> Problem
How many lines in the entries below include the string "moreover"? Answer with the number only.

> Collected data
+===+

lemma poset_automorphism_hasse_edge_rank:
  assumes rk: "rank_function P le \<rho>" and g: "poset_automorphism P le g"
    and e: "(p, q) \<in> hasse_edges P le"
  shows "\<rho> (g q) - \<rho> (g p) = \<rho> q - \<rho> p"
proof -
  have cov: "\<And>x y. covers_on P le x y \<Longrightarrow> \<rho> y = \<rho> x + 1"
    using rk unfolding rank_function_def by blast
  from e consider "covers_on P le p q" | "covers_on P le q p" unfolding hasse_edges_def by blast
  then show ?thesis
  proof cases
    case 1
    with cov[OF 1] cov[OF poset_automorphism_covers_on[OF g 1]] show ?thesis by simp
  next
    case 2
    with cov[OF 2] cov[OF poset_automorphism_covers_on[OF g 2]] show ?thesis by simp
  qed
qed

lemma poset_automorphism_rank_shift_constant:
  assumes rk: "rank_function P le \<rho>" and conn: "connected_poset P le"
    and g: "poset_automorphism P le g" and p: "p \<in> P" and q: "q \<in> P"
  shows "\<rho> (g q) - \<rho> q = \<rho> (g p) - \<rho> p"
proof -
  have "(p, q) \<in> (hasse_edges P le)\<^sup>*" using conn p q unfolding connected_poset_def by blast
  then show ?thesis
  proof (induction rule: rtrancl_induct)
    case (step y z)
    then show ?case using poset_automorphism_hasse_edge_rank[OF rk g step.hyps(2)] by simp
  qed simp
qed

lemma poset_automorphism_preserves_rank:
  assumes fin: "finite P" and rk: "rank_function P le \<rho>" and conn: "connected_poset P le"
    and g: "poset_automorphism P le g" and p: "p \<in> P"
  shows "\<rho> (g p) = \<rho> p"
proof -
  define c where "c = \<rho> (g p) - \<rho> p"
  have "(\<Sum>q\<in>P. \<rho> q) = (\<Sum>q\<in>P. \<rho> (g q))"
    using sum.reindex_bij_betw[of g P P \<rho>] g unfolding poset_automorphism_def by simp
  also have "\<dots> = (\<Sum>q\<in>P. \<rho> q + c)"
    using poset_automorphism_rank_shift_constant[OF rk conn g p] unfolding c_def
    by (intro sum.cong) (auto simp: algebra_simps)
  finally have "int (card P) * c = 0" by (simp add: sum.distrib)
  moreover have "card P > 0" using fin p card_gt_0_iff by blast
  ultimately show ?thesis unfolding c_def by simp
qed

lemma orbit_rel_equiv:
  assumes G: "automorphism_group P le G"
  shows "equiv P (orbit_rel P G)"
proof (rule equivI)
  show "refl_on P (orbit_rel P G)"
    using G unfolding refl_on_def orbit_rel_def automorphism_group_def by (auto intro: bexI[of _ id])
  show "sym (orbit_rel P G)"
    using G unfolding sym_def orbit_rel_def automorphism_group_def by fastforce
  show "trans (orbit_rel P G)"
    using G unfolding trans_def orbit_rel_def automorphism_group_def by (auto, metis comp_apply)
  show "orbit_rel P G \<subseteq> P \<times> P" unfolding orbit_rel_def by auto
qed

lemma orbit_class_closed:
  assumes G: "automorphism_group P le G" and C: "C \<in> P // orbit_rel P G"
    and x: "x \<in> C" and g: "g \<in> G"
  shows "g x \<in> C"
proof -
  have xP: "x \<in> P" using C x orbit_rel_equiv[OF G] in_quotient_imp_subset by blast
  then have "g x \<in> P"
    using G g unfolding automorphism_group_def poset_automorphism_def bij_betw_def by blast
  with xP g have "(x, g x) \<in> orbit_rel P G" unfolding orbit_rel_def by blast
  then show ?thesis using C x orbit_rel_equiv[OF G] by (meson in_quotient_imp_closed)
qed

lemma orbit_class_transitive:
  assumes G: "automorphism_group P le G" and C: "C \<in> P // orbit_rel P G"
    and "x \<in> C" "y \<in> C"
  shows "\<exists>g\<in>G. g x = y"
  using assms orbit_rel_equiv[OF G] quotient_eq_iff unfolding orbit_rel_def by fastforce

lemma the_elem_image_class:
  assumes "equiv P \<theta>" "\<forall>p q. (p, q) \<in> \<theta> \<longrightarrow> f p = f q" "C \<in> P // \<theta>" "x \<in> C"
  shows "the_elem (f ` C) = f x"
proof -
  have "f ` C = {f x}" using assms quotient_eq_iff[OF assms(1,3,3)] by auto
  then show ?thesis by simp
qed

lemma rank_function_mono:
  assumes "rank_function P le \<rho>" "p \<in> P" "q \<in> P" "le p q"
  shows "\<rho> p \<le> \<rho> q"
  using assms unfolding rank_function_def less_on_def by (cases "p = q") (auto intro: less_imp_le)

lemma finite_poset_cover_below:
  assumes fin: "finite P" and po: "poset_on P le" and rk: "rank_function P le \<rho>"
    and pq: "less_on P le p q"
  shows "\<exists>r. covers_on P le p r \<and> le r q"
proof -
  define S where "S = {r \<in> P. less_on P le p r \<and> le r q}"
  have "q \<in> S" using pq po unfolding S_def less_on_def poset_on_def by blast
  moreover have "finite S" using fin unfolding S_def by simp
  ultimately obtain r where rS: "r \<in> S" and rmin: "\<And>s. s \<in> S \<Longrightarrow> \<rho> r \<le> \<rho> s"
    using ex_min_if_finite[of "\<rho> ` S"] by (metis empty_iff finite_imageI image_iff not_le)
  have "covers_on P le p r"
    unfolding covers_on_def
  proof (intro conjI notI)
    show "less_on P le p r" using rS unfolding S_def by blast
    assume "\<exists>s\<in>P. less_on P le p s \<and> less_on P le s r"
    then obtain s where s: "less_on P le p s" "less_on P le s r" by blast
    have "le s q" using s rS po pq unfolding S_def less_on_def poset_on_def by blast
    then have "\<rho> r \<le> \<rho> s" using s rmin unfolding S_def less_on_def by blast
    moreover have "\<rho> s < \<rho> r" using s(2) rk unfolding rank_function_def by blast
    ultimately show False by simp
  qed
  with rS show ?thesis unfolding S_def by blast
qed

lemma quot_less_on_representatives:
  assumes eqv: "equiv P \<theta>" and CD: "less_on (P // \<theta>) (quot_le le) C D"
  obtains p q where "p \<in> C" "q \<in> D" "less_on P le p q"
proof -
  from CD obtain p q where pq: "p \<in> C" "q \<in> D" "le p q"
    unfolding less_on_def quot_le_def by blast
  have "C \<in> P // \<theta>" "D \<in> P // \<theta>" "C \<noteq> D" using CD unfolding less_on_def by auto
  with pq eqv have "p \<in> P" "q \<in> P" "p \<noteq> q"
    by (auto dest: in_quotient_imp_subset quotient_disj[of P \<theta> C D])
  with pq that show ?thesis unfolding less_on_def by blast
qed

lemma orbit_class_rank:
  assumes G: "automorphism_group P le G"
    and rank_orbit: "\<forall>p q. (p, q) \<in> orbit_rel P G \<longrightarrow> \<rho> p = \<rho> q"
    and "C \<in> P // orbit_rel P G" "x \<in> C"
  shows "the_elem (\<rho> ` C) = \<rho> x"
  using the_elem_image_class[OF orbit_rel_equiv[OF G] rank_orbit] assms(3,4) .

+===+

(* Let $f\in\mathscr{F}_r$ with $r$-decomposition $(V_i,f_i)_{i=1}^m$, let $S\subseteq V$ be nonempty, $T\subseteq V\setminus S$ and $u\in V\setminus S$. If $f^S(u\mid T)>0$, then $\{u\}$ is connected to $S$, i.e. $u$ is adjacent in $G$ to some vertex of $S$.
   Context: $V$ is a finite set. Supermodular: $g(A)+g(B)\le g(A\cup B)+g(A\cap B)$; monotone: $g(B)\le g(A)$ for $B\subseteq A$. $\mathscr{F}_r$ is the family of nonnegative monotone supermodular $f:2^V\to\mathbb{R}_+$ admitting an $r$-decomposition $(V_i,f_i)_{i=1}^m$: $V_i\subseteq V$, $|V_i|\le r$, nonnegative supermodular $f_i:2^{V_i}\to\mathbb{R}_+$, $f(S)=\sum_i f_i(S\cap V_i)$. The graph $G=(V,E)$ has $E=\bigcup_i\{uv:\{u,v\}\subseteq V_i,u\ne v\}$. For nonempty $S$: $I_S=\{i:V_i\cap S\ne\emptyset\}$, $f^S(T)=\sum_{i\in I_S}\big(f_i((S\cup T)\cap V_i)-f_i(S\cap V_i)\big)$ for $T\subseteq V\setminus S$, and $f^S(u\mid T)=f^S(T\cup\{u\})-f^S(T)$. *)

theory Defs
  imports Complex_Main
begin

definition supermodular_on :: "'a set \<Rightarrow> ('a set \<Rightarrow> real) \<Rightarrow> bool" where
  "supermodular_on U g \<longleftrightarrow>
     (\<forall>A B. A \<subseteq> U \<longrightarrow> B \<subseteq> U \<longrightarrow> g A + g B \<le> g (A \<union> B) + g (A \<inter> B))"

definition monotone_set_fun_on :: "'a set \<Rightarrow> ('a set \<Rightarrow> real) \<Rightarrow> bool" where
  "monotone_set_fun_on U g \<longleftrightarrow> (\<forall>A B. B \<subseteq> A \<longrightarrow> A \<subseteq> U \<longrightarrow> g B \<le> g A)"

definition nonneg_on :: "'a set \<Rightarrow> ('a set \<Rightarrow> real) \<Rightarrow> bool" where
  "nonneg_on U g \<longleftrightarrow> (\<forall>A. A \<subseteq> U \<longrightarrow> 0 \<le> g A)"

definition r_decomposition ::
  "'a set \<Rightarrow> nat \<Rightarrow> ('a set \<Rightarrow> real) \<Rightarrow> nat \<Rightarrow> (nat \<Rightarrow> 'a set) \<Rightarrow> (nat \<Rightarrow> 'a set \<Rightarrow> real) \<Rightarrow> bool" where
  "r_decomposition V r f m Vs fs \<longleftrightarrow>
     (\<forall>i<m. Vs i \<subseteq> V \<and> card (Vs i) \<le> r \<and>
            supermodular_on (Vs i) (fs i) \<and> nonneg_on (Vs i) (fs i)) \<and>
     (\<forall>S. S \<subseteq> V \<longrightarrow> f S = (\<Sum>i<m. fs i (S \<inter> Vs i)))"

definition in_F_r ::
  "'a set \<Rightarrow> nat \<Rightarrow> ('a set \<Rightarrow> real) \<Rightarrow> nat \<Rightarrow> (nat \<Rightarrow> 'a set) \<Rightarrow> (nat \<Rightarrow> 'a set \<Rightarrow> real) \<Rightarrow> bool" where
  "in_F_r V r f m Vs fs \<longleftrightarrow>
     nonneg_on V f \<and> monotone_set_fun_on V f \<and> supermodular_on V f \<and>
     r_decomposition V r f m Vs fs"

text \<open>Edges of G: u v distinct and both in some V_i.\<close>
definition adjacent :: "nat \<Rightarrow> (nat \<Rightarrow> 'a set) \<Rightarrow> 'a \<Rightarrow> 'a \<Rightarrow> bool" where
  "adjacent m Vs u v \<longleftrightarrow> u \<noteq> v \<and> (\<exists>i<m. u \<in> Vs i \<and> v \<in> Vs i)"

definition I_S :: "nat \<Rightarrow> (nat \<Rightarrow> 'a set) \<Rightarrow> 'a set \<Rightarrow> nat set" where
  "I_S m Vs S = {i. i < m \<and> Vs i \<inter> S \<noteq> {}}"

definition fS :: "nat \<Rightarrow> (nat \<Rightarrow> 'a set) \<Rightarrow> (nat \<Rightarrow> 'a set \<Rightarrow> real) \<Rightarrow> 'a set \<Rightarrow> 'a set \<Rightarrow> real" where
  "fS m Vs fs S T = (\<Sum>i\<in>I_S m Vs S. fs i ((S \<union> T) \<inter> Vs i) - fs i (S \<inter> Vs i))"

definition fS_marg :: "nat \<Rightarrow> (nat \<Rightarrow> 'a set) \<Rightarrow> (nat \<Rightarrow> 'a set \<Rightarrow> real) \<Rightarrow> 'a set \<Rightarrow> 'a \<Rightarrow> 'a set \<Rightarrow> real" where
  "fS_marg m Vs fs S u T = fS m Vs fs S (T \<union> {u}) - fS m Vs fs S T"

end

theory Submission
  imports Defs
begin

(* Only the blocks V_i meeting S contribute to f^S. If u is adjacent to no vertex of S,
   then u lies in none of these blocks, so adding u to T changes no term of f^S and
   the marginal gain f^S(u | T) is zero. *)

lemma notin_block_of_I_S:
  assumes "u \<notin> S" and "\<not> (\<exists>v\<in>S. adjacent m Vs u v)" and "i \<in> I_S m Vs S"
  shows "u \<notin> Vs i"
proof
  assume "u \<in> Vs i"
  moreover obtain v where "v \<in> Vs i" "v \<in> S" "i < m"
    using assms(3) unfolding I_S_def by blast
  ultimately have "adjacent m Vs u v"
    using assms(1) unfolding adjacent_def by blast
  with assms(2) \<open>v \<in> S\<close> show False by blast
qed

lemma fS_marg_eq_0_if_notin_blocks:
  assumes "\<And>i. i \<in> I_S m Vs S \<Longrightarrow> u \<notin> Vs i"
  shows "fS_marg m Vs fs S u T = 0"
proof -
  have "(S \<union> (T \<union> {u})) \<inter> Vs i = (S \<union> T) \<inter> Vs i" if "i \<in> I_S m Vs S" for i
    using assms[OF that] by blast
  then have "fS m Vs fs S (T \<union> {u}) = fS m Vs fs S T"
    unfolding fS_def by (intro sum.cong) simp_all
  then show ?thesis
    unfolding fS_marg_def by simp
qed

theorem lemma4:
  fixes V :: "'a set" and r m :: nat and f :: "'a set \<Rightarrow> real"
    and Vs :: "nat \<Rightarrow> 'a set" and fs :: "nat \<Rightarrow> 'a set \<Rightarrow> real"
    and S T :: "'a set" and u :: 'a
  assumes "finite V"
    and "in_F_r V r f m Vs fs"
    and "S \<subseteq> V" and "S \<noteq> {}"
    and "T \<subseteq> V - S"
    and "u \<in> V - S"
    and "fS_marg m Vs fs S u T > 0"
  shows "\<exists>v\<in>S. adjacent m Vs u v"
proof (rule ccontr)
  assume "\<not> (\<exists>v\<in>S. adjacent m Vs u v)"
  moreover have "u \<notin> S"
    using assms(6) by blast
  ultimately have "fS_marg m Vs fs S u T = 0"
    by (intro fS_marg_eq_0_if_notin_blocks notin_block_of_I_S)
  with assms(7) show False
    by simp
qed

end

+===+

> Response to the exercise
5